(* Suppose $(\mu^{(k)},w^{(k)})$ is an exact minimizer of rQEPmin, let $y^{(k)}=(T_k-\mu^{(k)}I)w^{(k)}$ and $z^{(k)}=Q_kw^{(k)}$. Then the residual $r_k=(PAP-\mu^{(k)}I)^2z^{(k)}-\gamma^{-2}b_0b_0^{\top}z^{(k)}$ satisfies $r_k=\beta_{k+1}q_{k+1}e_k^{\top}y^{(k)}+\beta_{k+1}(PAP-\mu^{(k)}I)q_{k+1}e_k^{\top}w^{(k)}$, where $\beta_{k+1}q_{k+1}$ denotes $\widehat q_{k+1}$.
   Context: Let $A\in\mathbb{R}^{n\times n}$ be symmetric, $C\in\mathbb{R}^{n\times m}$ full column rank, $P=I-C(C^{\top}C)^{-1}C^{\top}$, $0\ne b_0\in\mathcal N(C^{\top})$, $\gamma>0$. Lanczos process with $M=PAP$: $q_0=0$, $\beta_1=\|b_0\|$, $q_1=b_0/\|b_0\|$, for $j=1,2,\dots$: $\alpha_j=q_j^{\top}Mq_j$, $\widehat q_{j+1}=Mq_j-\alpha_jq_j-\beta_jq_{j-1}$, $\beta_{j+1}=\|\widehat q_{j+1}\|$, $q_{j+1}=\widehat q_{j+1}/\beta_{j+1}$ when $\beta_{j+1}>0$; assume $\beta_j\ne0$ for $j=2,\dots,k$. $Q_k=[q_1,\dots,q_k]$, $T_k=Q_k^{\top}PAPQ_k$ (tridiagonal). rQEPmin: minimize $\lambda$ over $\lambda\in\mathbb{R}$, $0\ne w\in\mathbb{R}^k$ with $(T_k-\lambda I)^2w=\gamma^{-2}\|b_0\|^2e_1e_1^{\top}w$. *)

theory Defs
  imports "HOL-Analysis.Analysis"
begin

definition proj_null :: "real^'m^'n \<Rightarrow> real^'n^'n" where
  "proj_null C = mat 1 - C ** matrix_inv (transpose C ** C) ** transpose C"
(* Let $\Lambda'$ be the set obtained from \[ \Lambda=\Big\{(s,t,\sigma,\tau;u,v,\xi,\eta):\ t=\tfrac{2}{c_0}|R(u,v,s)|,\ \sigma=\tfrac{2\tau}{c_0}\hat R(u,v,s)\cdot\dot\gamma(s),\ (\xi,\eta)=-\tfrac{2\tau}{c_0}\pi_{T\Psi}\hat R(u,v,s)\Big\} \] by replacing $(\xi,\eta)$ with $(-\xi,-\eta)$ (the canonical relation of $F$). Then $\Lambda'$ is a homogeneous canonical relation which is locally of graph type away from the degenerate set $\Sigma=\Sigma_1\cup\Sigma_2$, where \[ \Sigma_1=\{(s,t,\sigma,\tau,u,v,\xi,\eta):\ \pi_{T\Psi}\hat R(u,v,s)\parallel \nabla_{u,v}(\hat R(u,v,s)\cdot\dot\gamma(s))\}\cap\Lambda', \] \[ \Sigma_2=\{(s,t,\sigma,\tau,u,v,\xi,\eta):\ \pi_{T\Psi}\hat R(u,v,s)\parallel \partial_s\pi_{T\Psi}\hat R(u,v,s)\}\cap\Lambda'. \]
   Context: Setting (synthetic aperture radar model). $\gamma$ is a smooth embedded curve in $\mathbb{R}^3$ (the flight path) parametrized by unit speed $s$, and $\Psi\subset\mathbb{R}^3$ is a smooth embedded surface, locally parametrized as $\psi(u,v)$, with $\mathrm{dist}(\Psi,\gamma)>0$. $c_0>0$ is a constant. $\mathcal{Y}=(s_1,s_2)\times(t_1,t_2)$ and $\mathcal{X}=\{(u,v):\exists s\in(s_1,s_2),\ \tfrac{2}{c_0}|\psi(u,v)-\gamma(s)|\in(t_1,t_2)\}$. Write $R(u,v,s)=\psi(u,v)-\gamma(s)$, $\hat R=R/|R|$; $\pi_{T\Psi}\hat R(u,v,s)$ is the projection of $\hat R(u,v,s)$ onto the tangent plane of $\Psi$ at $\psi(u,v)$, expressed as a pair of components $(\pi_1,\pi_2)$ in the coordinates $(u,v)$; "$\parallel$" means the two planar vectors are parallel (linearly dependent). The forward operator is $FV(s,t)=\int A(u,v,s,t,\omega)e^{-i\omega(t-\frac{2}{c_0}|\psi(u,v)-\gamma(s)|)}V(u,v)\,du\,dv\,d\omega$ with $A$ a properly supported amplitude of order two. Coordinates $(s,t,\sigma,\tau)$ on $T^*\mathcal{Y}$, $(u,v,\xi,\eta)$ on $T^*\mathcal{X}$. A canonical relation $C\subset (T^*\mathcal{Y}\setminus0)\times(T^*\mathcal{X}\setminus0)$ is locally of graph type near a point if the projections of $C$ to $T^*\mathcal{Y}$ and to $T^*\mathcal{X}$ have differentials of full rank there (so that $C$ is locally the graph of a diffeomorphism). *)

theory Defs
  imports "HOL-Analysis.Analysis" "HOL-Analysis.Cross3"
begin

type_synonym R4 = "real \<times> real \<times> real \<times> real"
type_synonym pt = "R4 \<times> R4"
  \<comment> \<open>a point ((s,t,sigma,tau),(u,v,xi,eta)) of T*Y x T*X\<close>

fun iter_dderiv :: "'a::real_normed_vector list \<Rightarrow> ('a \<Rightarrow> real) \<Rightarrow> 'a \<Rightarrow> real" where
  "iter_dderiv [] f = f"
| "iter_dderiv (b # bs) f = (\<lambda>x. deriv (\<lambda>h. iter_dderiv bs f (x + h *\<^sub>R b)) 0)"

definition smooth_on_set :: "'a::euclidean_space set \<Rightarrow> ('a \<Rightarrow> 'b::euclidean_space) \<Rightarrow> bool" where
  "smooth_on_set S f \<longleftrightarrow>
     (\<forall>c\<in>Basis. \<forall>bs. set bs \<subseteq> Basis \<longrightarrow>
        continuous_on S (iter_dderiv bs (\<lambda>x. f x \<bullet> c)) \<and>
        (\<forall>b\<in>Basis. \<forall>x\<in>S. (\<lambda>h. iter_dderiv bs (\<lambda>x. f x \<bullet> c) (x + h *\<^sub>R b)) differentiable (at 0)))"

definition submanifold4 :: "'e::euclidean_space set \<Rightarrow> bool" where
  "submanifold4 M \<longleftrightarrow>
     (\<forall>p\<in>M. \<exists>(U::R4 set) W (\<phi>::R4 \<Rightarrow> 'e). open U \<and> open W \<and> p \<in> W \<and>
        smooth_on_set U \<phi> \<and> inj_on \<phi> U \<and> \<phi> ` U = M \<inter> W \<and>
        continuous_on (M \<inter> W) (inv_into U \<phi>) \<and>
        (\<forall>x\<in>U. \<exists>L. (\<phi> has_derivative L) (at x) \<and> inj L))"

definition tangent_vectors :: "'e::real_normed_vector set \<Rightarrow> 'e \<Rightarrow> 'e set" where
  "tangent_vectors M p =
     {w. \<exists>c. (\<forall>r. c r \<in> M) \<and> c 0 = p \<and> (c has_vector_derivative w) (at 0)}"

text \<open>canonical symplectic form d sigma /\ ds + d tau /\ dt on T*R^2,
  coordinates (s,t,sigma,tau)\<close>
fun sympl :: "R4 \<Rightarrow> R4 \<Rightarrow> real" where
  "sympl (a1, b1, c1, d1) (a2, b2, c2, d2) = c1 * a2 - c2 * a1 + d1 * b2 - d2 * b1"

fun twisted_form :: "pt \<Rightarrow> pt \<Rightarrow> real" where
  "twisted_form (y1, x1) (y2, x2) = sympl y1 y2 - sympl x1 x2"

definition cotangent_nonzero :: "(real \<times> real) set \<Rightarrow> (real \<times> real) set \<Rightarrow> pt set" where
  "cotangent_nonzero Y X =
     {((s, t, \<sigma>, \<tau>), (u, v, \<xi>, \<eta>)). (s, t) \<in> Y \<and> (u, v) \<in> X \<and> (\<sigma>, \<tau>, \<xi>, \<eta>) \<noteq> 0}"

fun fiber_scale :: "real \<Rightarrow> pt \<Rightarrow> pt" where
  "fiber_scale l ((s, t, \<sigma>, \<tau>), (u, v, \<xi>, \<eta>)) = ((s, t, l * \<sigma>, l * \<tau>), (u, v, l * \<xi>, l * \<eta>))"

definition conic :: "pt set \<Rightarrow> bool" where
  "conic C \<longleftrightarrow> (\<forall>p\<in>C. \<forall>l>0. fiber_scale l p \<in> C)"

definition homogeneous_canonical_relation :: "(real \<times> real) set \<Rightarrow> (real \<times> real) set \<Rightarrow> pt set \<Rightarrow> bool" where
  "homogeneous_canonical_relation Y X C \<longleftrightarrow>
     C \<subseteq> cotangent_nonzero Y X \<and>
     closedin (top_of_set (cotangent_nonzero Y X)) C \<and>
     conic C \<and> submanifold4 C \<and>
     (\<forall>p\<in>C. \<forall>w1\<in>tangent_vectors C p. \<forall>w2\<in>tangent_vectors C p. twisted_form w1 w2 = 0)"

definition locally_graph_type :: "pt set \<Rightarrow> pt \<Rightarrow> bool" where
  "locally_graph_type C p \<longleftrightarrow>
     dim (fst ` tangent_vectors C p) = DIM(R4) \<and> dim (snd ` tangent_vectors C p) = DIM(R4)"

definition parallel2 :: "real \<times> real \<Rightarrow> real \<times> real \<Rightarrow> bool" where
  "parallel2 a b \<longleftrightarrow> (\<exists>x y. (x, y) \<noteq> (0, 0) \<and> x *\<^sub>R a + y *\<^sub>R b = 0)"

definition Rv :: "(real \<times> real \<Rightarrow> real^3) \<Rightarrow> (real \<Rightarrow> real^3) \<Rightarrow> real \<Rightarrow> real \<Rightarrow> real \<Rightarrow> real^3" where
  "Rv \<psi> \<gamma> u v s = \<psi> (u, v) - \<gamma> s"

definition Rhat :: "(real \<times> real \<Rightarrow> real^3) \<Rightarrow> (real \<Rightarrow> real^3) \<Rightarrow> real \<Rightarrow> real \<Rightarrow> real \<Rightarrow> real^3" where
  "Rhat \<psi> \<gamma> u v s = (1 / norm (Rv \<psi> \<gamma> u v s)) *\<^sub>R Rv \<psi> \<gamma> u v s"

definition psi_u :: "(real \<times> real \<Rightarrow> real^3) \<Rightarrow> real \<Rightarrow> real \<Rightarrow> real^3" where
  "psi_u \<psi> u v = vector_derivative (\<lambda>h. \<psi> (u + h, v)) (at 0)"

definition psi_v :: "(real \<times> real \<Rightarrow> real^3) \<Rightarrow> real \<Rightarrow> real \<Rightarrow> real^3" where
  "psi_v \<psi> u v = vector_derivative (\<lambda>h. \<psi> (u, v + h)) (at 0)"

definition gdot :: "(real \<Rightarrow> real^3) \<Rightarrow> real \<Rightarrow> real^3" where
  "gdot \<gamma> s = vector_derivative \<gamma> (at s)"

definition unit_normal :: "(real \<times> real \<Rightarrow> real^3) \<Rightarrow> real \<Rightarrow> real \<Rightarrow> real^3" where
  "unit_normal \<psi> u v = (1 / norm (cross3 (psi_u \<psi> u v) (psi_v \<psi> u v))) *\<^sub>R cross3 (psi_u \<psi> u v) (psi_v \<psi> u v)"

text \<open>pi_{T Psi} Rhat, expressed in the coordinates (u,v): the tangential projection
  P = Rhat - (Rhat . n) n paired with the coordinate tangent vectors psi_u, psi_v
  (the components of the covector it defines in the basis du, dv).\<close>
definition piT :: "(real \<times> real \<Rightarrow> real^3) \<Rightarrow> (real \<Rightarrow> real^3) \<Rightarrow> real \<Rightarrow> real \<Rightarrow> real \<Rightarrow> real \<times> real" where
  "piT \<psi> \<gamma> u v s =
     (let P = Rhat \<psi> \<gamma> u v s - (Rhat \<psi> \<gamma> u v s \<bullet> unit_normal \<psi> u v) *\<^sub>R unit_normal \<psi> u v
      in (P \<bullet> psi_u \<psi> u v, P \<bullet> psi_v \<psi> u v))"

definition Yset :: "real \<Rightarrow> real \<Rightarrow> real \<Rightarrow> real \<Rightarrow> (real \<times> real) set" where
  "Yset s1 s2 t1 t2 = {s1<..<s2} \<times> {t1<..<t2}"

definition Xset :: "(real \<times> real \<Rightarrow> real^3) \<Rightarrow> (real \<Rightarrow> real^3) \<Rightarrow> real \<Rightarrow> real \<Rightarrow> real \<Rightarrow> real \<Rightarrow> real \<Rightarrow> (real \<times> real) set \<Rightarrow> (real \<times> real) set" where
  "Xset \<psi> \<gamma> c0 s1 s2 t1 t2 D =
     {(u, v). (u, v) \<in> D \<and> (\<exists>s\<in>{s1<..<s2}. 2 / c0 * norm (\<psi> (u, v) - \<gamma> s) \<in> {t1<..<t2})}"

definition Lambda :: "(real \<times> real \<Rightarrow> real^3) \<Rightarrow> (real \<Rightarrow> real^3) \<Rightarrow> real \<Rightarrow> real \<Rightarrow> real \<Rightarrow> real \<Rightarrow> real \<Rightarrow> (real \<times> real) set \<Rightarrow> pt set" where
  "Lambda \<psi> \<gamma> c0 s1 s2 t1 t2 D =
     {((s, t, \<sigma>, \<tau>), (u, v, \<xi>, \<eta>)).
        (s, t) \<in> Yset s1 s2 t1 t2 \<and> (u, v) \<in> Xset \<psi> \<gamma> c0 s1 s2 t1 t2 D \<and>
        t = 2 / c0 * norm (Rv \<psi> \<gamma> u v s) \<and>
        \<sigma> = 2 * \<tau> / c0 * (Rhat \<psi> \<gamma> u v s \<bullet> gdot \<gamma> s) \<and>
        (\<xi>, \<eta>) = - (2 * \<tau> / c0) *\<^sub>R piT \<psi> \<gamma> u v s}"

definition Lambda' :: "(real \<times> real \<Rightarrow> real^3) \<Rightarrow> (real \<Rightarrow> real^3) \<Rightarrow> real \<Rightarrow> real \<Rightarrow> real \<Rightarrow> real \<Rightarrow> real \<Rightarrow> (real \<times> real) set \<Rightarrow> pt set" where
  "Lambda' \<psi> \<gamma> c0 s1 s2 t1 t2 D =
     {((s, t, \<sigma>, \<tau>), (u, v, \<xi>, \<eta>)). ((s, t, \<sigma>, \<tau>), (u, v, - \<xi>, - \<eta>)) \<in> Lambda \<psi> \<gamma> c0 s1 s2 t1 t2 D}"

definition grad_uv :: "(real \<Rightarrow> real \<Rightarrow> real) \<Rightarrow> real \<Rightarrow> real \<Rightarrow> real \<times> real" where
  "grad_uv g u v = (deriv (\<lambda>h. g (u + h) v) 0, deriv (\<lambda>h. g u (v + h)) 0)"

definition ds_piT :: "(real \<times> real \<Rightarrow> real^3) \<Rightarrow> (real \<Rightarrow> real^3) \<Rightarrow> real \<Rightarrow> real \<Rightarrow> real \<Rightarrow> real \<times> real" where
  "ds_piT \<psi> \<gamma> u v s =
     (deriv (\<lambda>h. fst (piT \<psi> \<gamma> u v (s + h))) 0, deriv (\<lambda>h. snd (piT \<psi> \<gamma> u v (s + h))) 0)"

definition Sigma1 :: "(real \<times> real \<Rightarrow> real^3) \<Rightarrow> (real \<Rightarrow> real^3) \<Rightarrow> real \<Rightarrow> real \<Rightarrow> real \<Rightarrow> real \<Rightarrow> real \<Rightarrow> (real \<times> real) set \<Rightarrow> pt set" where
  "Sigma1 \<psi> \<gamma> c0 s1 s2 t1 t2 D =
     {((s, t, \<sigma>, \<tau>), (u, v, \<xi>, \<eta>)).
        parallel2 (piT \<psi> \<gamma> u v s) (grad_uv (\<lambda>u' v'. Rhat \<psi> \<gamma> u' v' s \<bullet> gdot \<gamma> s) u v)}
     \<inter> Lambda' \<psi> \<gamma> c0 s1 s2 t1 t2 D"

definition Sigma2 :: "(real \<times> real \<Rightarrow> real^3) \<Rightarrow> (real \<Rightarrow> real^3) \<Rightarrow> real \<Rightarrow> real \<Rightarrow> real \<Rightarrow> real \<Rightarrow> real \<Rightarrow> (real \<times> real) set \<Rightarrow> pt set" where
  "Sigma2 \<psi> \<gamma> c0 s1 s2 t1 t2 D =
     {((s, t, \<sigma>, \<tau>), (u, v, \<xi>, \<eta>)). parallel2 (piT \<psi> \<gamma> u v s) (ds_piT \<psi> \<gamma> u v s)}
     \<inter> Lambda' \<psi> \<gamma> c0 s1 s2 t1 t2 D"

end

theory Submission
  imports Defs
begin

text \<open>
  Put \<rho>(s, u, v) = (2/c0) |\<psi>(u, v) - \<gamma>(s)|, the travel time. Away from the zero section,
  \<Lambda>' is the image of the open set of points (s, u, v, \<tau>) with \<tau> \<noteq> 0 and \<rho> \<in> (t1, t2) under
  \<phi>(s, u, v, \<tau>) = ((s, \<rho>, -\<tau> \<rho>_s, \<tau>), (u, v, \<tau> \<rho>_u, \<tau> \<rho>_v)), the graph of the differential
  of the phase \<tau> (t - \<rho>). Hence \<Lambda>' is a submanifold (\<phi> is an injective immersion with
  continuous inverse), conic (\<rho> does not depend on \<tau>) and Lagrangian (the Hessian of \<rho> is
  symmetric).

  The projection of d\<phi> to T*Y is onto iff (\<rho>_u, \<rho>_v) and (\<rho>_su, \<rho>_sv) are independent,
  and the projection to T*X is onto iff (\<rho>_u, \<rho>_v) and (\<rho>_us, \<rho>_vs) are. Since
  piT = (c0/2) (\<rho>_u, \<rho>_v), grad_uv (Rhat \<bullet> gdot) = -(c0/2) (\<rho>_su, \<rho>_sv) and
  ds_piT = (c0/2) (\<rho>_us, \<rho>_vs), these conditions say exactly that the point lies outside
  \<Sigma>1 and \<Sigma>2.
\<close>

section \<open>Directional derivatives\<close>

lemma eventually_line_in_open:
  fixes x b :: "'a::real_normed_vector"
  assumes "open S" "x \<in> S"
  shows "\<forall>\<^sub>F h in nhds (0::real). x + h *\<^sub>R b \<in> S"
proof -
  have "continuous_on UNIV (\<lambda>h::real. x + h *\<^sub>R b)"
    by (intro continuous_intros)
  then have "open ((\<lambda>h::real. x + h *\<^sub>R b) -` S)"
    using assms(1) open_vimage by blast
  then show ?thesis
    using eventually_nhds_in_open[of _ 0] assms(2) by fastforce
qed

━━━━━━━━━━━━━━━━━━━━

TASK ITEM:
An exact, complete copy of the lines above from the one with "continuous_on (M \<inter>" through the one with "(\<forall>r. c r" is the whole answer.

SOLUTION BELOW:
        continuous_on (M \<inter> W) (inv_into U \<phi>) \<and>
        (\<forall>x\<in>U. \<exists>L. (\<phi> has_derivative L) (at x) \<and> inj L))"

definition tangent_vectors :: "'e::real_normed_vector set \<Rightarrow> 'e \<Rightarrow> 'e set" where
  "tangent_vectors M p =
     {w. \<exists>c. (\<forall>r. c r \<in> M) \<and> c 0 = p \<and> (c has_vector_derivative w) (at 0)}"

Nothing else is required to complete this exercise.